Go with the majority Pat, there's always one or two miserable sods.

As to Ray's comment, life's what you make it, we set the rules and guidelines that ensures our needs come first, we don't become a daycare facility, soft touches or child managers.

Set similar rules Pat and you'll find it an enriching and enjoyable experience.

Don't listen to the baa humbug merchants.

Terry


----------



## aldra (Jul 2, 2009)

Congratulations Pat to you both and your daughter

Delighted for you 

Moving house would seem a bit drastic to me especially as you have only just finished yours 

And three hours isn’t that far in the scheme of things 

Sandra


----------



## patp (Apr 30, 2007)

Ray, I am pretty certain that our daughter will follow in our footsteps and instil discipline into her children. She would always be under strict instructions, as a child, to "listen to Nanny and Grandad, be polite and do as they say". She was loved by her Grandparents. So much so that my Sister in Law accused my parents of favouritism over her daughter, my niece. My Sister in Law brought my niece up to believe that she was "entitled". This meant that my niece felt deprived when told, by her grandparents, not to switch on the TV without asking first and to wait until after dinner before eating a treat etc. Like so many of her generation, my niece is not happy. She blames her exam failure on the education system rather than her lack of study and every boss she works for is, according to her, "useless".

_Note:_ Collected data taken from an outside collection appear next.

(* Let $G=(V,E)$ be a finite simple undirected graph, $n=|V|$, $G_0:=G$, and let $W_1,\dots,W_r$ be distinct subsets of $V$ such that for every $t\in\{1,\dots,r\}$, $W_t$ is a clique of $G_{t-1}$ with $|W_t|\ge2$ and $G_t:=G_{t-1}\mid W_t$. Let $F_0:=STAB(G)$ and $F_t:=\{x\in STAB(G)\mid x_{W_j}=1,\ j=1,\dots,t\}$. Suppose there is $k>0$ such that for all $t\in\{1,\dots,r\}$: (I) $|W_t|=k$ and the subgraph of $G_{t-1}$ induced by $\bigcup_{i=1}^tW_i$ is $k$-partite with vertex classes $V_t^1,\dots,V_t^k$; (II) $T_t:=(V_t,\mathcal W_t)$, with $V_t:=\bigcup_{i=1}^kV_t^i$ and $\mathcal W_t:=\{W_1,\dots,W_t\}$, is a strong hypertree; (III) for every $w\in V_t^0:=V\setminus V_t$ there exists $i\in\{1,\dots,k\}$ with $N_{G_{t-1}}(w)\cap V_t^i=\emptyset$. Then for all $t\in\{1,\dots,r\}$, the inequality $x_{W_t}\le1$ is facet defining for $F_{t-1}$.
   Context: For a graph $G=(V,E)$, $\mathcal S(G)\subseteq\{0,1\}^V$ is the set of characteristic vectors of stable sets of $G$, and $STAB(G)=\mathrm{conv}\,\mathcal S(G)$. For $W\subseteq V$ and $x\in\mathbb R^V$, $x_W=\sum_{v\in W}x_v$. $N_H(u)$ is the neighborhood of $u$ in a graph $H$. The clique projection of a clique $W$ ($|W|\ge2$) of a graph $H=(V,E_H)$ is $H\mid W=(V,E_H\cup\{uv\notin E_H\mid u\ne v,\ W\subseteq N_H(u)\cup N_H(v)\})$. A hypergraph $(V_t,\mathcal W_t)$ with all hyperedges of size $k$ is a strong hypertree if either $\mathcal W_t=\{V_t\}$, or there is a vertex $v\in V_t$ incident to a hyperedge $W_i\in\mathcal W_t$ that shares exactly $k-1$ vertices with some other hyperedge, such that $(V_t\setminus\{v\},\mathcal W_t\setminus\{W_i\})$ is again a strong hypertree. An inequality is facet defining for a polytope $P$ if it is valid for $P$ and the face it defines has dimension $\dim P-1$. *)

theory Defs
  imports "HOL-Analysis.Analysis"
begin

text \<open>Graphs: the vertex set is the finite type 'n (so V = UNIV, R^V = real^'n);
  edges are a symmetric irreflexive relation E.\<close>

definition simple_graph :: "('n \<times> 'n) set \<Rightarrow> bool" where
  "simple_graph E \<longleftrightarrow> sym E \<and> (\<forall>v. (v, v) \<notin> E)"

definition nbhd :: "('n \<times> 'n) set \<Rightarrow> 'n \<Rightarrow> 'n set" where
  "nbhd E u = {v. (u, v) \<in> E}"

definition stable_set :: "('n \<times> 'n) set \<Rightarrow> 'n set \<Rightarrow> bool" where
  "stable_set E S \<longleftrightarrow> (\<forall>u\<in>S. \<forall>v\<in>S. (u, v) \<notin> E)"

definition clique :: "('n \<times> 'n) set \<Rightarrow> 'n set \<Rightarrow> bool" where
  "clique E W \<longleftrightarrow> (\<forall>u\<in>W. \<forall>v\<in>W. u \<noteq> v \<longrightarrow> (u, v) \<in> E)"

definition char_vec :: "'n::finite set \<Rightarrow> real ^ 'n" where
  "char_vec S = (\<chi> v. if v \<in> S then 1 else 0)"

definition STAB :: "('n::finite \<times> 'n) set \<Rightarrow> (real ^ 'n) set" where
  "STAB E = convex hull {char_vec S | S. stable_set E S}"

definition xsum :: "real ^ 'n \<Rightarrow> 'n::finite set \<Rightarrow> real" where
  "xsum x W = (\<Sum>v\<in>W. x $ v)"

definition clique_proj :: "('n \<times> 'n) set \<Rightarrow> 'n set \<Rightarrow> ('n \<times> 'n) set" where
  "clique_proj E W = E \<union> {(u, v). (u, v) \<notin> E \<and> u \<noteq> v \<and> W \<subseteq> nbhd E u \<union> nbhd E v}"

fun proj_seq :: "('n \<times> 'n) set \<Rightarrow> (nat \<Rightarrow> 'n set) \<Rightarrow> nat \<Rightarrow> ('n \<times> 'n) set" where
  "proj_seq E W 0 = E"
| "proj_seq E W (Suc t) = clique_proj (proj_seq E W t) (W (Suc t))"

definition F_face :: "('n::finite \<times> 'n) set \<Rightarrow> (nat \<Rightarrow> 'n set) \<Rightarrow> nat \<Rightarrow> (real ^ 'n) set" where
  "F_face E W t = {x \<in> STAB E. \<forall>j\<in>{1..t}. xsum x (W j) = 1}"

definition k_partite_classes :: "('n \<times> 'n) set \<Rightarrow> 'n set \<Rightarrow> nat \<Rightarrow> (nat \<Rightarrow> 'n set) \<Rightarrow> bool" where
  "k_partite_classes E U k C \<longleftrightarrow>
     (\<Union>i\<in>{1..k}. C i) = U \<and>
     (\<forall>i\<in>{1..k}. \<forall>j\<in>{1..k}. i \<noteq> j \<longrightarrow> C i \<inter> C j = {}) \<and>
     (\<forall>i\<in>{1..k}. stable_set E (C i))"

definition k_uniform_hypergraph :: "nat \<Rightarrow> 'n set \<Rightarrow> 'n set set \<Rightarrow> bool" where
  "k_uniform_hypergraph k Vt Ws \<longleftrightarrow> finite Vt \<and> (\<forall>W\<in>Ws. W \<subseteq> Vt \<and> card W = k)"

inductive strong_hypertree :: "nat \<Rightarrow> 'n set \<Rightarrow> 'n set set \<Rightarrow> bool" where
  base: "k_uniform_hypergraph k Vt {Vt} \<Longrightarrow> strong_hypertree k Vt {Vt}"
| step: "\<lbrakk> k_uniform_hypergraph k Vt Ws; v \<in> Vt; Wi \<in> Ws; v \<in> Wi;
           W' \<in> Ws; W' \<noteq> Wi; card (Wi \<inter> W') = k - 1;
           strong_hypertree k (Vt - {v}) (Ws - {Wi}) \<rbrakk>
         \<Longrightarrow> strong_hypertree k Vt Ws"

definition facet_defining :: "(real ^ 'n::finite) set \<Rightarrow> real ^ 'n \<Rightarrow> real \<Rightarrow> bool" where
  "facet_defining P c b \<longleftrightarrow>
     (\<forall>x\<in>P. c \<bullet> x \<le> b) \<and> aff_dim {x \<in> P. c \<bullet> x = b} = aff_dim P - 1"

end

theory Submission
  imports Defs
begin

text \<open>A point of F_{t-1} is a convex combination of stable sets of G.  Inductively, each set of
  positive weight meets W_1, ..., W_{t-1} exactly once (it meets the clique W_j of G_{j-1} at most
  once, and the weighted mean is x_{W_j} = 1); hence it stays stable under the projections and
  meets the clique W_t of G_{t-1} at most once, which gives validity.

  Each class V_t^i is a stable set meeting every W_j exactly once, and so is V_t^i \<union> {w} for the
  class provided by (III) for w \<notin> V_t.  So the characteristic vectors of the k classes and the
  unit vectors of the n - |V_t| outside vertices, which have disjoint supports, lie in the span of
  F_t; as a strong hypertree with t edges has k + t - 1 vertices, dim F_t \<ge> n - t.  Removing from
  a class its vertex in W_t - (W_1 \<union> ... \<union> W_{t-1}) gives a point of F_{t-1} outside F_t, so the
  dimension drops strictly along F_0 \<supseteq> F_1 \<supseteq> ...; starting from at most n and staying at
  least n - t, it drops by exactly one at each step.\<close>

lemma inner_char_vec: "char_vec A \<bullet> x = xsum x A"
proof -
  have "char_vec A \<bullet> x = (\<Sum>i\<in>UNIV. if i \<in> A then x $ i else 0)"
    unfolding inner_vec_def char_vec_def by (intro sum.cong) auto
  also have "\<dots> = sum (($) x) (UNIV \<inter> A)"
    by (rule sum.inter_restrict[symmetric]) simp
  finally show ?thesis
    by (simp add: xsum_def)
qed

lemma xsum_char_vec: "xsum (char_vec S) A = real (card (S \<inter> A))"
  by (simp add: xsum_def char_vec_def sum.If_cases Int_commute)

Our son in law seems to have been brought up with the same values as we used. Only time will tell and I am sure we will disagree with some aspects of their child rearing but on the whole I am looking forward to the experience.

Our daughter is a community paediatric physiotherapist and so sees, first hand, the results of bad parenting.

Terry and Sandra thank you for the kind words. I am a little bit excited


----------



## raynipper (Aug 4, 2008)

I'm not denying I'm a miserable sod Terry. It's what keeps me happy Meldrew style.

I will be on the ferry next week and have recollections of nearly every previous trips where gangs of youngish kids wreak havoc on board and need putting in the broom cupboard.
Running hell for leather barging into anyone in their path. Screaming at the tops of their little lungs in the recliner lounges and even the reserved lounge. Jumping from seat to seat and if any parent of guardian dare try and instill some order, the further noise and screams make them wonder why they bothered.

Of course everyone will say "Oh no not our Cherubs" in unison. But often I note many parents are blissfully unaware of their charges antics. You can hear the unruly ones across many a supermarket. Maybe they are only tuned into my hearing aids?

Ray.


----------



## patp (Apr 30, 2007)

It is pure laziness, Ray. A whole generation grew up believing they were entitled to be lazy. It is too much effort to instil discipline. I was listening to some young mums moaning about their toddlers antics the other day. They were all reacting to the bad behaviour instead of anticipating it and heading it off at the pass! Talk to them, engage with them! No it is all too much effort. I worked with a young mum who's only hobby, with her young kids, was to take them to the shopping mall and buy them stuff.


----------



## raynipper (Aug 4, 2008)

Eggzackery Pat.

Ray.


----------



## nicholsong (May 26, 2009)

raynipper said:


> I'm not denying I'm a miserable sod Terry. It's what keeps me happy Meldrew style.
> 
> I will be on the ferry next week and have recollections of nearly every previous trips where gangs of youngish kids wreak havoc on board and need putting in the broom cupboard.
> Running hell for leather barging into anyone in their path. Screaming at the tops of their little lungs in the recliner lounges and even the reserved lounge. Jumping from seat to seat and if any parent of guardian dare try and instill some order, the further noise and screams make them wonder why they bothered.
> ...


I have experienced the same.

As it happened I had booked into the 'Premium Lounge' or whatever DFDS call it, on DRK-DVR in July so school holidays. The Lounge was 1/2 full but only 2 children, who were well-behaved.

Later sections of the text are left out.